REQUIRED ACTION - When you reach the line with "unfolding coroot_def by blast+" in the listing below, transcribe it and each line after it up to and including the line with "reflection \<alpha> \<alpha>", exactly and with nothing else.

++++++++++

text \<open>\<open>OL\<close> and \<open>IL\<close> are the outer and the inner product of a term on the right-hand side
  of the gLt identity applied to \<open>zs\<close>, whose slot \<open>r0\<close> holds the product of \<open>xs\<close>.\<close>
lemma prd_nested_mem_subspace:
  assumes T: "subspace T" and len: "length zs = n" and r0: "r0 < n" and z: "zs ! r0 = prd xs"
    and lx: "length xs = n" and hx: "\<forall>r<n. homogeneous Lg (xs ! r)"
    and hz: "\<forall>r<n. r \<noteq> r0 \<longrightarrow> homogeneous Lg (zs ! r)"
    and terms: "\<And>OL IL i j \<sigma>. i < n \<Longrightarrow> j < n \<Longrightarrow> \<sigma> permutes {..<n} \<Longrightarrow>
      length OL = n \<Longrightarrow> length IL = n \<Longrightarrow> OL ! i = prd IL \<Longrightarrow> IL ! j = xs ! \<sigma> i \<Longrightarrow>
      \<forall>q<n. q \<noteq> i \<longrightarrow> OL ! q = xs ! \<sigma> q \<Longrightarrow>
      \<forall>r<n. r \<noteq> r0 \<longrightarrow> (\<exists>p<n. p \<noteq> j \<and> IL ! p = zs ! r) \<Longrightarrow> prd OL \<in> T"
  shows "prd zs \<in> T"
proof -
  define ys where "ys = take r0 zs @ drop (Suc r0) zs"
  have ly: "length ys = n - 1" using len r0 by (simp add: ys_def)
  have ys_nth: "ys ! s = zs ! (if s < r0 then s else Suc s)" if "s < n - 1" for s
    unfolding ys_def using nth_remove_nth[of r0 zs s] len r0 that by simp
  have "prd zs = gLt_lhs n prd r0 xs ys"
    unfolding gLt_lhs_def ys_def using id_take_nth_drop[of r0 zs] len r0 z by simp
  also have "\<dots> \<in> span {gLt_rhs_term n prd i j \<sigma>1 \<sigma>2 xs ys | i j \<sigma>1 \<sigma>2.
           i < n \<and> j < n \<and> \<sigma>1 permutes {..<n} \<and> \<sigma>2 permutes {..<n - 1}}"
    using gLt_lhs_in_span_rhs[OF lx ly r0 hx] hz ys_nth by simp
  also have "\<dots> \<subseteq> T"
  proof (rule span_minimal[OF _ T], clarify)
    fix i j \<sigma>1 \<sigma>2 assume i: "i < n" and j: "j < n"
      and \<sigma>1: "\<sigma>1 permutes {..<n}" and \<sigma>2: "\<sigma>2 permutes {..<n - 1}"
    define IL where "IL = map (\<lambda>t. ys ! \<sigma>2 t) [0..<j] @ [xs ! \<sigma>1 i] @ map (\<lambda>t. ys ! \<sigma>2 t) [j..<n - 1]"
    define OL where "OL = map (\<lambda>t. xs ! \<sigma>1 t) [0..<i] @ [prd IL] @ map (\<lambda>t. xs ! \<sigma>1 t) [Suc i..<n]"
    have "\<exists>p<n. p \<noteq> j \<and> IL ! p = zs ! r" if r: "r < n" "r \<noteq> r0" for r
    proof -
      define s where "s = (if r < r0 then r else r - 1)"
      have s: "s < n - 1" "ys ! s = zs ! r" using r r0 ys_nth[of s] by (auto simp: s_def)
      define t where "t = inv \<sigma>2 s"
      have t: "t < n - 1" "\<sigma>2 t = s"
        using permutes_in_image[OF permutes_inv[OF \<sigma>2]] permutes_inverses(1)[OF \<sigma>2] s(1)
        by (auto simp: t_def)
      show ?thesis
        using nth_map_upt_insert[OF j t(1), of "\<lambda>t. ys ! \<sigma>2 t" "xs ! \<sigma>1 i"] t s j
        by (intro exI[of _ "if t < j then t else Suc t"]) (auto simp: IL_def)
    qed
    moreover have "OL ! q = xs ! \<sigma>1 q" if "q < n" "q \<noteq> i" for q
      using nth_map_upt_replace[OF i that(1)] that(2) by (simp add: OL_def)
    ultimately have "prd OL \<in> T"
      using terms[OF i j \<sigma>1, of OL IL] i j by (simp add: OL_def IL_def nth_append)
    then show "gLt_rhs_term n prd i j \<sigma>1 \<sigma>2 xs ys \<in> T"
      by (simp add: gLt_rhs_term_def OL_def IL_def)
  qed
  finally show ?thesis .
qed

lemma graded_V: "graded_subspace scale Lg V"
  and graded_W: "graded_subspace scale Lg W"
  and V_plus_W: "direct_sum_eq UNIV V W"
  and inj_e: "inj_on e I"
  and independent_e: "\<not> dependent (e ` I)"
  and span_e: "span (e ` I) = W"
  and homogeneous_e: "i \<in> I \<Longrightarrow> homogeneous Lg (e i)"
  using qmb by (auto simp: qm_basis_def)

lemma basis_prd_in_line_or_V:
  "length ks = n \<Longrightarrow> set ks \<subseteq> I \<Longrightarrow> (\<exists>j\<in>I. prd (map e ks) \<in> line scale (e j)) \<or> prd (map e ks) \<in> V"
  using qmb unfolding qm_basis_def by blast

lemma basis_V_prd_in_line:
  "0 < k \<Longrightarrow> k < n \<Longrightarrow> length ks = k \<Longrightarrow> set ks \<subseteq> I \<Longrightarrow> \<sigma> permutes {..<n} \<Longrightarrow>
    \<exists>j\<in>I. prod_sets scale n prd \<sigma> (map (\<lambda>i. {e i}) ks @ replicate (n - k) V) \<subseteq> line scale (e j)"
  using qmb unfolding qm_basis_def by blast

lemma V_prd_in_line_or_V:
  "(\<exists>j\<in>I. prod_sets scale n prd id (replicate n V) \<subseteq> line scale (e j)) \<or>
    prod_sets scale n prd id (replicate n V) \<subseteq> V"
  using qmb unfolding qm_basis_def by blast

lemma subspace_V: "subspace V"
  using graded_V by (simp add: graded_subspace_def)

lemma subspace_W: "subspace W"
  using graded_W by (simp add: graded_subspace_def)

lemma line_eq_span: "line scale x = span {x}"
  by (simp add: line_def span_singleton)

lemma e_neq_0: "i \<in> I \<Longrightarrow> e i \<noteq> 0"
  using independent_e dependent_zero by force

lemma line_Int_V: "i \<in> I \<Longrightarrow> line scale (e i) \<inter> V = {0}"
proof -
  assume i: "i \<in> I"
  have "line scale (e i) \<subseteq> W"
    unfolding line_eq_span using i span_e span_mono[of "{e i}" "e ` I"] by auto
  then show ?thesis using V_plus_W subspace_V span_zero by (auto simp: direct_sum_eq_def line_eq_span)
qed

++++++++++

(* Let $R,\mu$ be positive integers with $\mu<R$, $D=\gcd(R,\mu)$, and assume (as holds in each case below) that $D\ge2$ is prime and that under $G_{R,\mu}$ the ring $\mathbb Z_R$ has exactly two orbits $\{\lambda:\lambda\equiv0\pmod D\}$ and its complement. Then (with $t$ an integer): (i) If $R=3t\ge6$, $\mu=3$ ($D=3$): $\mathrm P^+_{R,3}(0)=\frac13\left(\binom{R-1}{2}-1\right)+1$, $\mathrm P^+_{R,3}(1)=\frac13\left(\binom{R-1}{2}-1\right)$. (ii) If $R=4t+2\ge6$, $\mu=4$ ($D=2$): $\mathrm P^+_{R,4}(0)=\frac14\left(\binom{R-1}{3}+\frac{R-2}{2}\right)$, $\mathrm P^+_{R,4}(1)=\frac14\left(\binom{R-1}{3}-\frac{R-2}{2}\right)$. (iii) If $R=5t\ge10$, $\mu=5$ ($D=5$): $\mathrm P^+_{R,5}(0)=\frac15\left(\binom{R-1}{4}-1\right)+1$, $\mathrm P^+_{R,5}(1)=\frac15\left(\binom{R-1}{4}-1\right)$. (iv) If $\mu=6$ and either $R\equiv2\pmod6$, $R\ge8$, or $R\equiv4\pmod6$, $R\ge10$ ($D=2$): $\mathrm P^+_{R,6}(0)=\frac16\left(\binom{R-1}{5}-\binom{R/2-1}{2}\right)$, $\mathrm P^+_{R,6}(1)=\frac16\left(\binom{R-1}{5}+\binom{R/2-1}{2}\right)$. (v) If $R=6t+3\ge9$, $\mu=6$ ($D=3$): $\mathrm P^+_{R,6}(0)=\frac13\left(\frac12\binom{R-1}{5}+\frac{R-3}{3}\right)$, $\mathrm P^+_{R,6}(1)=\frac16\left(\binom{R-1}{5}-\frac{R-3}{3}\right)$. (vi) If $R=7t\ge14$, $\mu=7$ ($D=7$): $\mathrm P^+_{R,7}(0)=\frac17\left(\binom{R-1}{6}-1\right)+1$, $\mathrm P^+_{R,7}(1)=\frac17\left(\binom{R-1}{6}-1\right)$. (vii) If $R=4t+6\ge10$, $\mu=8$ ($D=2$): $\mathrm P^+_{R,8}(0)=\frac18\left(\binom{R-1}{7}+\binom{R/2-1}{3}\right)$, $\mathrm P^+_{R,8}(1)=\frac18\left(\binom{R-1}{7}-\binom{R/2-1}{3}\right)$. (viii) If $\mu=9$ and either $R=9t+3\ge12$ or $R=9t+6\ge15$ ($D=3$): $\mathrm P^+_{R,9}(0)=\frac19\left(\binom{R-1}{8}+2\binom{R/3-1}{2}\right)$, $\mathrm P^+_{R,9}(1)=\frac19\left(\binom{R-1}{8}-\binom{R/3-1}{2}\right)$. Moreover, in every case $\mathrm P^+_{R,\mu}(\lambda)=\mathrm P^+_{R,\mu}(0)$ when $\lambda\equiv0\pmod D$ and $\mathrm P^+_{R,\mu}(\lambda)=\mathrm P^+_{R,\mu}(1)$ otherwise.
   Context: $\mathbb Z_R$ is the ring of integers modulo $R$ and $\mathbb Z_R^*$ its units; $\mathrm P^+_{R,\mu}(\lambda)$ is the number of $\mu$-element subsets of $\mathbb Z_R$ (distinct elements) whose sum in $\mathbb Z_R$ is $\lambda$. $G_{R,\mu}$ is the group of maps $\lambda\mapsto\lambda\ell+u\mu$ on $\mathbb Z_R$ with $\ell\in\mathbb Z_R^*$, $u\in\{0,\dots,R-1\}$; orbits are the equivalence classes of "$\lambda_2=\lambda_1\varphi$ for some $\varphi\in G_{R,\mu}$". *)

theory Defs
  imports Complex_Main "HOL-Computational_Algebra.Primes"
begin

++++++++++

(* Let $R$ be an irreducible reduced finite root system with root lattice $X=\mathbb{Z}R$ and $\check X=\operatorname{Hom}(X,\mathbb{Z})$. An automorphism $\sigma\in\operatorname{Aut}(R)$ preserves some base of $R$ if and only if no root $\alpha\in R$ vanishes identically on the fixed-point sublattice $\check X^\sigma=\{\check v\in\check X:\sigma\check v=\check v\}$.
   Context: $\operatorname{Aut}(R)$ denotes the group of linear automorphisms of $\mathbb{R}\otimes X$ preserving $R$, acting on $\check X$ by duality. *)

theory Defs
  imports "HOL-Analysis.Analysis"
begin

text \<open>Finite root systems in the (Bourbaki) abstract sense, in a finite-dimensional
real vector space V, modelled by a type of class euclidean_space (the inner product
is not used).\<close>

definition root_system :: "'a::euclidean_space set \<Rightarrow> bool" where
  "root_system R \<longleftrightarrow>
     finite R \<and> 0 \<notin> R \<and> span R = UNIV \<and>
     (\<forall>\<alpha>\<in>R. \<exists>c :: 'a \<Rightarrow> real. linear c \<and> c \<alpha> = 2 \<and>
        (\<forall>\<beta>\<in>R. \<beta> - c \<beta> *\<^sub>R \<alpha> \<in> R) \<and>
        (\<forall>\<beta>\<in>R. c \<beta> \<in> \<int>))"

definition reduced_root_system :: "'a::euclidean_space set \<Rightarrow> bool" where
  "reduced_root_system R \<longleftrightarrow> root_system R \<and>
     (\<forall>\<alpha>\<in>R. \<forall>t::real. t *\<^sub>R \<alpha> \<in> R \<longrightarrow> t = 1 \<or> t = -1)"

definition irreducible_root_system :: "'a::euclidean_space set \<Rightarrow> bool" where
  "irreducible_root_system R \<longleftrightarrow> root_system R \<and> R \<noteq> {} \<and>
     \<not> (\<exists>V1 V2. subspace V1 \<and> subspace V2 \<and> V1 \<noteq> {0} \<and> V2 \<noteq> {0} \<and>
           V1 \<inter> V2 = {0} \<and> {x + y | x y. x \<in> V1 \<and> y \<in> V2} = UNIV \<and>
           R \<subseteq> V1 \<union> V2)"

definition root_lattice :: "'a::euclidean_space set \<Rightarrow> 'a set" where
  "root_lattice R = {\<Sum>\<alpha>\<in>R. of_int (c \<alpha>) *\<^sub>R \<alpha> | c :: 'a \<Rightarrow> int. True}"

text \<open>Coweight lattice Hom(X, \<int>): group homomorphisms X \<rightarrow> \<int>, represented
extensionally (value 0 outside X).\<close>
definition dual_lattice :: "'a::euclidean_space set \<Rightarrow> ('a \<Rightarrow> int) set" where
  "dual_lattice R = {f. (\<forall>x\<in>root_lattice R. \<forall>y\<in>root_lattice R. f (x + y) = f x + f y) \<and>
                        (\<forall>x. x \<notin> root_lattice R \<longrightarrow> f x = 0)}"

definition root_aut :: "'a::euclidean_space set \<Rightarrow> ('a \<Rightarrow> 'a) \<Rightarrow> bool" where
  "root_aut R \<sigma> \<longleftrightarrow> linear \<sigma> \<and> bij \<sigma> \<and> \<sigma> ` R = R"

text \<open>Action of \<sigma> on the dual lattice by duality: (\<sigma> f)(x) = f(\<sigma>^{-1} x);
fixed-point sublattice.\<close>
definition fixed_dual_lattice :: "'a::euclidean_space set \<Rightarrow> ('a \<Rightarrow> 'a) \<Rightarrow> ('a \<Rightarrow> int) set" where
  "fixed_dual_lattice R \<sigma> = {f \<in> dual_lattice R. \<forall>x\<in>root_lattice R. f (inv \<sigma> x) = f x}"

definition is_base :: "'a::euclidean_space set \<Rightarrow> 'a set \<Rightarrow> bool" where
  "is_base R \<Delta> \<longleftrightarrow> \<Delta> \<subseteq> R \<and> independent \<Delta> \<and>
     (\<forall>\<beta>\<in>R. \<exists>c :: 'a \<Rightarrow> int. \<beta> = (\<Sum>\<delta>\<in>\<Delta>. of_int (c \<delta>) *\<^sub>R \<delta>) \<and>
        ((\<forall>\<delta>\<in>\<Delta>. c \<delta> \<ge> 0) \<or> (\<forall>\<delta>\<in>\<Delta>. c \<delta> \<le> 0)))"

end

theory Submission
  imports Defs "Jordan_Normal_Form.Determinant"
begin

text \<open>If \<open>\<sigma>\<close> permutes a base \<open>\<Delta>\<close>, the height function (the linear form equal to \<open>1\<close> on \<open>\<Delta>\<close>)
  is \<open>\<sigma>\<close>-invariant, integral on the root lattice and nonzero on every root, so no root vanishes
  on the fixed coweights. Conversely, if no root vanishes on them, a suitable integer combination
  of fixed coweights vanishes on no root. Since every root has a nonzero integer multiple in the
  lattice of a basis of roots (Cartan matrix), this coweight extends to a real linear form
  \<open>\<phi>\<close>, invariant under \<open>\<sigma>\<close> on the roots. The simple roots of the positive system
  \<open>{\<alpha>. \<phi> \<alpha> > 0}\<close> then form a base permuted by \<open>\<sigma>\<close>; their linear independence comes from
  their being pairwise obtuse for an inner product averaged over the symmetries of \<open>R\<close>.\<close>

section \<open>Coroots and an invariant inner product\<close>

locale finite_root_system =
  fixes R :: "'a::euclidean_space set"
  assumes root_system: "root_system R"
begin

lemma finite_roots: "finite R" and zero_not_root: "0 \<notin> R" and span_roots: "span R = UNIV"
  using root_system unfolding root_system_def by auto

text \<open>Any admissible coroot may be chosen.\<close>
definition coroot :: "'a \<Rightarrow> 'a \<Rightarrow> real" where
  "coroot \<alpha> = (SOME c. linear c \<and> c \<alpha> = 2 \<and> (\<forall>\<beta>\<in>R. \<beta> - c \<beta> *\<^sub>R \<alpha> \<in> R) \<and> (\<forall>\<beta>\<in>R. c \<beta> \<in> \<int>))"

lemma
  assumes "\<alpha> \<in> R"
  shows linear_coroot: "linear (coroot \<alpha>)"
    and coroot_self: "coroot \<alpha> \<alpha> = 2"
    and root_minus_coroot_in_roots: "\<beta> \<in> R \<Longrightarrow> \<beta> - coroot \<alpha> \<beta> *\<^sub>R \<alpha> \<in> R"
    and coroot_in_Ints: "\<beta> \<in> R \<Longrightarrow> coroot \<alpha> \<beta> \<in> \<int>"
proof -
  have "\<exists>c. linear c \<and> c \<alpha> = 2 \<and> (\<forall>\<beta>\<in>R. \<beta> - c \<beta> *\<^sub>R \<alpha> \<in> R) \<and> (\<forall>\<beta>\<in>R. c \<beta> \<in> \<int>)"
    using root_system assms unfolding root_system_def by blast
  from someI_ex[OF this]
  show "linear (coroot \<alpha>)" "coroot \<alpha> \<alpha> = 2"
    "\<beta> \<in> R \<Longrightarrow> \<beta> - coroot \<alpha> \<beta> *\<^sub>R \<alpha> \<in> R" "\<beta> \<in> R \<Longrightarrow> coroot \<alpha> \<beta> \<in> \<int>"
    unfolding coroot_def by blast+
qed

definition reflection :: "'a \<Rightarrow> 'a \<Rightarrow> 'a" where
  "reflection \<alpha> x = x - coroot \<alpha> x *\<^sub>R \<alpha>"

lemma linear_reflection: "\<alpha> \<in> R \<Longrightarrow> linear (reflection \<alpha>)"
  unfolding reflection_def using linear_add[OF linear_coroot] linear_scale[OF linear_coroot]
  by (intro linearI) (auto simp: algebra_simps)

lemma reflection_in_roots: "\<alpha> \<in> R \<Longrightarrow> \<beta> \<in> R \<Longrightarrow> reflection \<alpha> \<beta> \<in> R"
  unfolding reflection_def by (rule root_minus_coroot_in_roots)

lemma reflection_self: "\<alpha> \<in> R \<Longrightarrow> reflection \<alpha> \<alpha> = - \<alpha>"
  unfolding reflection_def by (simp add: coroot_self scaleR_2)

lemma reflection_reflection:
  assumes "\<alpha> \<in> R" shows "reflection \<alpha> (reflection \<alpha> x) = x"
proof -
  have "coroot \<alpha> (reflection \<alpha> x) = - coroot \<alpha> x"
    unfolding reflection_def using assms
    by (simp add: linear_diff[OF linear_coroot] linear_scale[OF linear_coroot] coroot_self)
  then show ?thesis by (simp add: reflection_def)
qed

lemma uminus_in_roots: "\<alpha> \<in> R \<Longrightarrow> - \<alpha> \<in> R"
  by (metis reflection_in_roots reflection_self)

++++++++++

EXERCISE SOLUTION -
    unfolding coroot_def by blast+
qed

definition reflection :: "'a \<Rightarrow> 'a \<Rightarrow> 'a" where
  "reflection \<alpha> x = x - coroot \<alpha> x *\<^sub>R \<alpha>"

lemma linear_reflection: "\<alpha> \<in> R \<Longrightarrow> linear (reflection \<alpha>)"
  unfolding reflection_def using linear_add[OF linear_coroot] linear_scale[OF linear_coroot]
  by (intro linearI) (auto simp: algebra_simps)

lemma reflection_in_roots: "\<alpha> \<in> R \<Longrightarrow> \<beta> \<in> R \<Longrightarrow> reflection \<alpha> \<beta> \<in> R"
  unfolding reflection_def by (rule root_minus_coroot_in_roots)

lemma reflection_self: "\<alpha> \<in> R \<Longrightarrow> reflection \<alpha> \<alpha> = - \<alpha>"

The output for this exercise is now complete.